The incidence rate of all types of HD in this defined area with a well-established control programme, estimated from sample surveys, was about 900 new patients/million population/year.
Results among "newcomer" children
The incidence rate of HD among "newcomer" children is shown in Figure 1.
Figure 1. (see attached file) Presence of a previously treated patient multiplied the risk of HD among "newcomer" children in a household, despite prior start of treatment in a newly diagnosed "index" patient.(1) Excess risk to "newcomer" children in household endured for as long as observation continued - up to 9 years
The presence of a previously treated patient in the household apparently increased the risk of HD among "newcomer" children to over 25 times that in the general population of the area, during the initial three years after the start of MDT in the "index" patient. When a previously treated patient was present in the household, treatment of the index patient alone did not suffice to reduce the risk to the "background" population level. Even seven to nine years after the start of 24 month MDT in the "index" patient, "newcomer" children showed a greatly elevated risk of HD if a previously treated (but since neglected) patient was present in the same household.
Discussion
Prolonged anti-microbial protection of previously treated but genomically anergic (2-5) persons in endemic areas is likely to reduce dramatically the risk of HD in their household contacts. It also would help protect the individuals from reactions,(6-9) which can be painful, distressing, and aggravate nerve damage. Reinfection in previously treated anergic patients remains a sustained threat in endemic areas.(10)
Preventive antimicrobials among contacts of such neglected previously treated but anergic patients would need to continue for over nine years, to cope with the sustained duration of risk. It seems wiser to rely on prolonged anti-microbial protection of the anergic patients.
Prolonged anti-microbial protection of patients with possible anergy (eg., LL patients) can be achieved by
a) prolonged MDT, after the usual duration. At least until smear negativity.
or
b) prolonged anti-microbials after the usual duration of MDT, with a combination of 3 bactericidal drugs.
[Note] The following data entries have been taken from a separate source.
lemma info_quantile_le:
  assumes "marg_fst r x > 0" "\<epsilon> < 1" "info_tail r x a \<le> \<epsilon> * marg_fst r x"
  shows "info_quantile \<epsilon> r x \<le> a"
  unfolding info_quantile_eq_Inf[OF assms(1)]
  by (rule cInf_lower) (use assms(3) bdd_below_info_tail_le[OF assms(1,2)] in auto)

lemma info_quantile_nonneg:
  assumes "marg_fst r x > 0" "0 < \<epsilon>" "\<epsilon> < 1"
  shows "info_quantile \<epsilon> r x \<ge> 0"
proof -
  obtain a where "info_tail r x a < \<epsilon> * marg_fst r x"
    using ex_info_tail_less[of "\<epsilon> * marg_fst r x" r x] assms by auto
  then show ?thesis
    unfolding info_quantile_eq_Inf[OF assms(1)]
    using info_tail_le_imp_nonneg[OF assms(1,3)] by (intro cInf_greatest) (auto dest: less_imp_le)
qed

lemma info_tail_info_quantile_plus:
  assumes "marg_fst r x > 0" "0 < \<epsilon>" "\<epsilon> < 1" "\<eta> > 0"
  shows "info_tail r x (info_quantile \<epsilon> r x + \<eta>) \<le> \<epsilon> * marg_fst r x"
proof -
  let ?A = "{a. info_tail r x a \<le> \<epsilon> * marg_fst r x}"
  have "?A \<noteq> {}"
    using ex_info_tail_less[of "\<epsilon> * marg_fst r x" r x] assms by (auto intro: less_imp_le)
  moreover have "Inf ?A < info_quantile \<epsilon> r x + \<eta>"
    using assms(4) info_quantile_eq_Inf[OF assms(1)] by simp
  ultimately obtain a where a: "a \<in> ?A" "a < info_quantile \<epsilon> r x + \<eta>"
    by (meson cInf_lessD)
  have "info_tail r x (info_quantile \<epsilon> r x + \<eta>) \<le> info_tail r x a"
    using a(2) by (intro info_tail_antimono) simp
  with a(1) show ?thesis by simp
qed

lemma info_quantile_antimono:
  assumes "marg_fst r x > 0" "0 < \<epsilon>" "\<epsilon> \<le> \<epsilon>'" "\<epsilon>' < 1"
  shows "info_quantile \<epsilon>' r x \<le> info_quantile \<epsilon> r x"
proof (rule field_le_epsilon)
  fix \<eta> :: real assume "\<eta> > 0"
  have "info_tail r x (info_quantile \<epsilon> r x + \<eta>) \<le> \<epsilon> * marg_fst r x"
    by (rule info_tail_info_quantile_plus) (use assms \<open>\<eta> > 0\<close> in auto)
  also have "\<dots> \<le> \<epsilon>' * marg_fst r x" by (rule mult_right_mono) (use assms in auto)
  finally show "info_quantile \<epsilon>' r x \<le> info_quantile \<epsilon> r x + \<eta>"
    by (rule info_quantile_le[OF assms(1,4)])
qed

section \<open>Markov's inequality along a slice\<close>

definition slice_nn_integral :: "('x \<times> 'y) pmf \<Rightarrow> 'x \<Rightarrow> ('y \<Rightarrow> ennreal) \<Rightarrow> ennreal" where
  "slice_nn_integral r x f = (\<integral>\<^sup>+ y. ennreal (pmf r (x, y)) * f y \<partial>count_space UNIV)"

lemma nn_integral_pmf_eq_slices:
  "(\<integral>\<^sup>+ z. f z \<partial>measure_pmf r) = (\<integral>\<^sup>+ x. slice_nn_integral r x (\<lambda>y. f (x, y)) \<partial>count_space UNIV)"
proof -
  have "(\<integral>\<^sup>+ z. f z \<partial>measure_pmf r) = (\<integral>\<^sup>+ z. ennreal (pmf r z) * f z \<partial>count_space UNIV)"
    by (rule nn_integral_measure_pmf)
  also have "\<dots> = (\<integral>\<^sup>+ x. \<integral>\<^sup>+ y. ennreal (pmf r (x, y)) * f (x, y) \<partial>count_space UNIV \<partial>count_space UNIV)"
    by (rule nn_integral_fst_count_space[symmetric, where f = "\<lambda>z. ennreal (pmf r z) * f z"])
  finally show ?thesis by (simp add: slice_nn_integral_def)
qed

lemma emeasure_slice_eq:
  "emeasure (measure_pmf r) {z. fst z = x \<and> snd z \<in> A} = slice_nn_integral r x (indicator A)"
proof -
  have "emeasure (measure_pmf r) {z. fst z = x \<and> snd z \<in> A}
      = (\<integral>\<^sup>+ z. indicator {z. fst z = x \<and> snd z \<in> A} z \<partial>measure_pmf r)"
    by simp
  also have "\<dots> = (\<integral>\<^sup>+ x'. slice_nn_integral r x (indicator A) * indicator {x} x' \<partial>count_space UNIV)"
    unfolding nn_integral_pmf_eq_slices
    by (intro nn_integral_cong) (auto simp: slice_nn_integral_def indicator_def)
  finally show ?thesis by simp
qed

lemma info_tail_eq_slice:
  "ennreal (info_tail r x a) = slice_nn_integral r x (indicator {y. cond_info r x y > a})"
  using emeasure_slice_eq[of r x "{y. cond_info r x y > a}"]
  by (simp add: info_tail_def measure_pmf.emeasure_eq_measure)

lemma nn_integral_marg_fst: "(\<integral>\<^sup>+ x. ennreal (marg_fst r x) \<partial>count_space UNIV) = 1"
  using nn_integral_pmf[where p = "map_pmf fst r" and A = UNIV] by (simp add: marg_fst_def)

lemma nn_integral_measure_slice:
  fixes r :: "('x \<times> 'y) pmf"
  shows "(\<integral>\<^sup>+ x. ennreal (measure r {z. fst z = x \<and> snd z \<in> B}) \<partial>count_space UNIV)
     = emeasure (measure_pmf r) {z. snd z \<in> B}"
proof -
  have "(\<integral>\<^sup>+ x. ennreal (measure r {z. fst z = x \<and> snd z \<in> B}) \<partial>count_space UNIV)
      = (\<integral>\<^sup>+ z. indicator B (snd z) \<partial>measure_pmf r)"
    by (simp add: nn_integral_pmf_eq_slices emeasure_slice_eq[symmetric] measure_pmf.emeasure_eq_measure)
  also have "\<dots> = (\<integral>\<^sup>+ z. indicator {z. snd z \<in> B} z \<partial>measure_pmf r)"
    by (intro nn_integral_cong) (simp add: indicator_def)
  also have "\<dots> = emeasure (measure_pmf r) {z. snd z \<in> B}" by simp
  finally show ?thesis .
qed

lemma slice_nn_integral_mono: "(\<And>y. f y \<le> g y) \<Longrightarrow> slice_nn_integral r x f \<le> slice_nn_integral r x g"
  unfolding slice_nn_integral_def by (intro nn_integral_mono mult_left_mono) auto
Some enlightened private practitioners and centres of excellence in endemic areas of India and Brazil already protect LL patients with combinations of bactericidal drugs after MDT.
This HD control area, served by the Schieffelin Centre in Karigiri (India) had earlier produced one of the world's great successes in rapidly reducing the incidence rate of LL HD (16%/year). As long as prolonged anti-microbial protection was ensured for persons with anergy, the exemplary success continued (as discussed here previously). Resurgence in LL HD occurred only after fixed-duration MDT replaced prolonged anti-microbial protection in even LL patients. Since the introduction of fixed duration MDT (in place of MDT till smear negativity) the world too has experienced stagnation in the number of new MB HD patients per year. This is evidenced in Weekly Epidemiological Records. MB types of HD rarely self-heal. Therefore sooner or later they come to the attention of health services and form a more reliable epidemiological indicator than most other indicators.
As the best young local talent is invited and encouraged to participate in HD work, we can expect increasingly astute investigations and openness to front-line clues. The evidence so far indicates that, in endemic areas, it is neither safe nor fair to exclude persons with anergy (mostly LL) from prolonged anti-microbial protection.
References
1. Vijayakumaran P, Jesudasan K, Mozhi NM, Samuel JD. Does MDT arrest transmission of leprosy to household contacts? Int J Lep 1998; Jun;66(2):125-30.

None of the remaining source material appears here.